One of the best opportunities you will have to assess your brand, enhance its strengths and diminish its weaknesses is during a merger or acquisition.
If you are the acquiring entity with the most well understood and compelling brand and if the acquired company fits within or extends the current understanding of your brand, then lucky you.
If not, “ Lucy, you got some ‘splaining to do”.
The starting point for reaching a decision is always a thorough examination of the market positions and perceptions of both brands. In most cases the acquired entity or merger partner (if you prefer) is absorbed into the acquirer’s brand. Simple enough.
It can happen that the acquired company has the more or equally resonant brand. Maybe this will relate to size, the smaller faster ship being more exciting than the bigger, but slower battleship. If so, you have to face facts about what is in the best interests of the combination. It may be this situation calls for a sub-branding approach that doesn’t change anything, but takes advantage of marketing and operating leverage or provides capital for the acquired brand to grow.
A merger is a great time to look forward to what can be. It should be like summiting a mountain and finding a great vista ahead.

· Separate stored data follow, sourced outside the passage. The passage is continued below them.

(* Let $d\ge1$ and $T<\infty$. For any $t\ge0$, the random vector $X_1(t)-X_2(t)$ has a density bounded uniformly by $\Gamma$. Moreover, the density $\mathsf p(t,x,v)$ of $X_1(t)$ satisfies, for every $t\in[0,T]$ and $x,v\in\mathbb R^d$, $$\mathsf p(t,x,v)\le Ce^{-|v|/C}\mathbf 1_{\{|v|\ge C\}}+\Gamma\mathbf 1_{\{|v|<C\}}$$ for some finite constant $C=C(R,\Gamma,T,d)$.
   Context: Fix $d\ge1$. Let $f_0:\mathbb R^{2d}\to[0,\infty)$ be a probability density with $\|f_0\|_{L^\infty}\le\Gamma<\infty$ and support contained in the closed Euclidean ball of radius $R<\infty$ centred at the origin of $\mathbb R^{2d}$. Let $(B_i)_{i\ge1}$ be independent standard Brownian motions in $\mathbb R^d$ and $(x_i(0),v_i(0))_{i\ge1}$ i.i.d. with density $f_0$, independent of the $B_i$. Define the independent (non-interacting) particles $X_i(t)=(x_i(t),v_i(t))=\big(x_i(0)+v_i(0)t+\int_0^tB_i(s)ds,\;v_i(0)+B_i(t)\big)$, $t\ge0$. *)

theory Defs
  imports "HOL-Probability.Probability"
begin

definition gauss_density :: "real \<Rightarrow> real^'d \<Rightarrow> real" where
  "gauss_density s x = (\<Prod>i\<in>UNIV. normal_density 0 (sqrt s) (x $ i))"

text \<open>Standard Brownian motion in real^'d on the probability space M
  (time parameter restricted to [0,oo); values at negative times are irrelevant):
  starts at 0, continuous paths, independent increments over any finite increasing
  sequence of times, Gaussian increments with covariance (t - s) I.\<close>
definition std_BM :: "'a measure \<Rightarrow> ('a \<Rightarrow> real \<Rightarrow> real^'d) \<Rightarrow> bool" where
  "std_BM M B \<longleftrightarrow>
     (\<forall>t\<ge>0. (\<lambda>\<omega>. B \<omega> t) \<in> borel_measurable M) \<and>
     (\<forall>\<omega>\<in>space M. B \<omega> 0 = 0) \<and>
     (\<forall>\<omega>\<in>space M. continuous_on {0..} (B \<omega>)) \<and>
     (\<forall>s t. 0 \<le> s \<longrightarrow> s < t \<longrightarrow>
        distributed M lborel (\<lambda>\<omega>. B \<omega> t - B \<omega> s)
          (\<lambda>x. ennreal (gauss_density (t - s) x))) \<and>
     (\<forall>(n::nat) (ts::nat \<Rightarrow> real). 0 \<le> ts 0 \<longrightarrow> (\<forall>k<n. ts k < ts (Suc k)) \<longrightarrow>
        prob_space.indep_vars M (\<lambda>_. borel) (\<lambda>k \<omega>. B \<omega> (ts (Suc k)) - B \<omega> (ts k)) {..<n})"
lemma reach_prob_cong:
  assumes "\<And>h. h \<noteq> [] \<Longrightarrow> hd h = s \<Longrightarrow> \<pi>1 h = \<pi>1' h"
    and "\<And>h. h \<noteq> [] \<Longrightarrow> hd h = s \<Longrightarrow> \<pi>2 h = \<pi>2' h"
  shows "reach_prob \<delta> T \<pi>1 \<pi>2 s = reach_prob \<delta> T \<pi>1' \<pi>2' s"
proof -
  have "hist \<delta> s \<pi>1 \<pi>2 n = hist \<delta> s \<pi>1' \<pi>2' n" for n
    by (rule hist_cong) (use assms in auto)
  then show ?thesis unfolding reach_prob_def by simp
qed

locale game =
  fixes G1 G2 :: "'s::finite \<Rightarrow> 'm::finite set"
    and \<delta> :: "'s \<Rightarrow> 'm \<Rightarrow> 'm \<Rightarrow> 's pmf"
    and T :: "'s set"
  assumes G1_ne: "\<And>s. G1 s \<noteq> {}"
    and G2_ne: "\<And>s. G2 s \<noteq> {}"
begin

lemma unif_selector_G1: "unif_selector G1 \<in> selectors G1"
  using G1_ne by (rule unif_selector_selectors)

lemma unif_selector_G2: "unif_selector G2 \<in> selectors G2"
  using G2_ne by (rule unif_selector_selectors)

lemma strategies_G1_ne: "strategies G1 \<noteq> {}"
  using memoryless_strategies[OF unif_selector_G1] by blast

lemma strategies_G2_ne: "strategies G2 \<noteq> {}"
  using memoryless_strategies[OF unif_selector_G2] by blast

lemma selectors_G1_ne: "selectors G1 \<noteq> {}"
  using unif_selector_G1 by blast

lemma selectors_G2_ne: "selectors G2 \<noteq> {}"
  using unif_selector_G2 by blast

lemma bdd_below_reach_prob: "bdd_below ((\<lambda>\<pi>2. reach_prob \<delta> T \<pi>1 \<pi>2 s) ` A)"
  by (rule bdd_belowI[of _ 0]) (auto simp: reach_prob_nonneg)

lemma val1_strat_le_reach_prob:
  "\<pi>2 \<in> strategies G2 \<Longrightarrow> val1_strat G2 \<delta> T \<pi>1 s \<le> reach_prob \<delta> T \<pi>1 \<pi>2 s"
  unfolding val1_strat_def by (rule cINF_lower[OF bdd_below_reach_prob])

lemma val1_strat_nonneg: "0 \<le> val1_strat G2 \<delta> T \<pi>1 s"
  unfolding val1_strat_def
  by (rule cINF_greatest[OF strategies_G2_ne]) (simp add: reach_prob_nonneg)

lemma val1_strat_le_1: "val1_strat G2 \<delta> T \<pi>1 s \<le> 1"
proof -
  obtain \<pi>2 where "\<pi>2 \<in> strategies G2" using strategies_G2_ne by blast
  then show ?thesis using val1_strat_le_reach_prob reach_prob_le_1 order_trans by blast
qed

lemma val1_strat_approx:
  assumes "e > 0"
  obtains \<pi>2 where "\<pi>2 \<in> strategies G2" "reach_prob \<delta> T \<pi>1 \<pi>2 s < val1_strat G2 \<delta> T \<pi>1 s + e"
proof -
  have "val1_strat G2 \<delta> T \<pi>1 s < val1_strat G2 \<delta> T \<pi>1 s + e" using assms by simp
  then show ?thesis
    using that cINF_less_iff[OF strategies_G2_ne bdd_below_reach_prob] unfolding val1_strat_def
    by blast
qed

lemma val1_strat_target: "s \<in> T \<Longrightarrow> val1_strat G2 \<delta> T \<pi>1 s = 1"
proof -
  assume s: "s \<in> T"
  have "1 \<le> val1_strat G2 \<delta> T \<pi>1 s"
    unfolding val1_strat_def
  proof (rule cINF_greatest[OF strategies_G2_ne])
    show "1 \<le> reach_prob \<delta> T \<pi>1 \<pi>2 s" for \<pi>2
      using hit_prob_le_reach_prob[of \<delta> T \<pi>1 \<pi>2 s 0] s by (simp add: hit_prob_0)
  qed
  then show ?thesis using val1_strat_le_1 by (rule antisym[rotated])
qed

You should describe this vista to your staff and customers and let them see what you see.
Describing the new, combined brand will help inoculate you against the inevitable question that arises, “But what about me”? This can be inspired by your competitors who know that there is a haze during a merger period where everybody suddenly looks inward, even putting off decisions. Remember, the market isn’t waiting around for you to “make the merger work”.
A new brand, intentionally articulated can actually be the most exciting part of the process, as it will exude excitement and purpose. It can also keep you from creating a brand along the way by failing to do anything. A really bad bet is to let the market or your competitors brand you.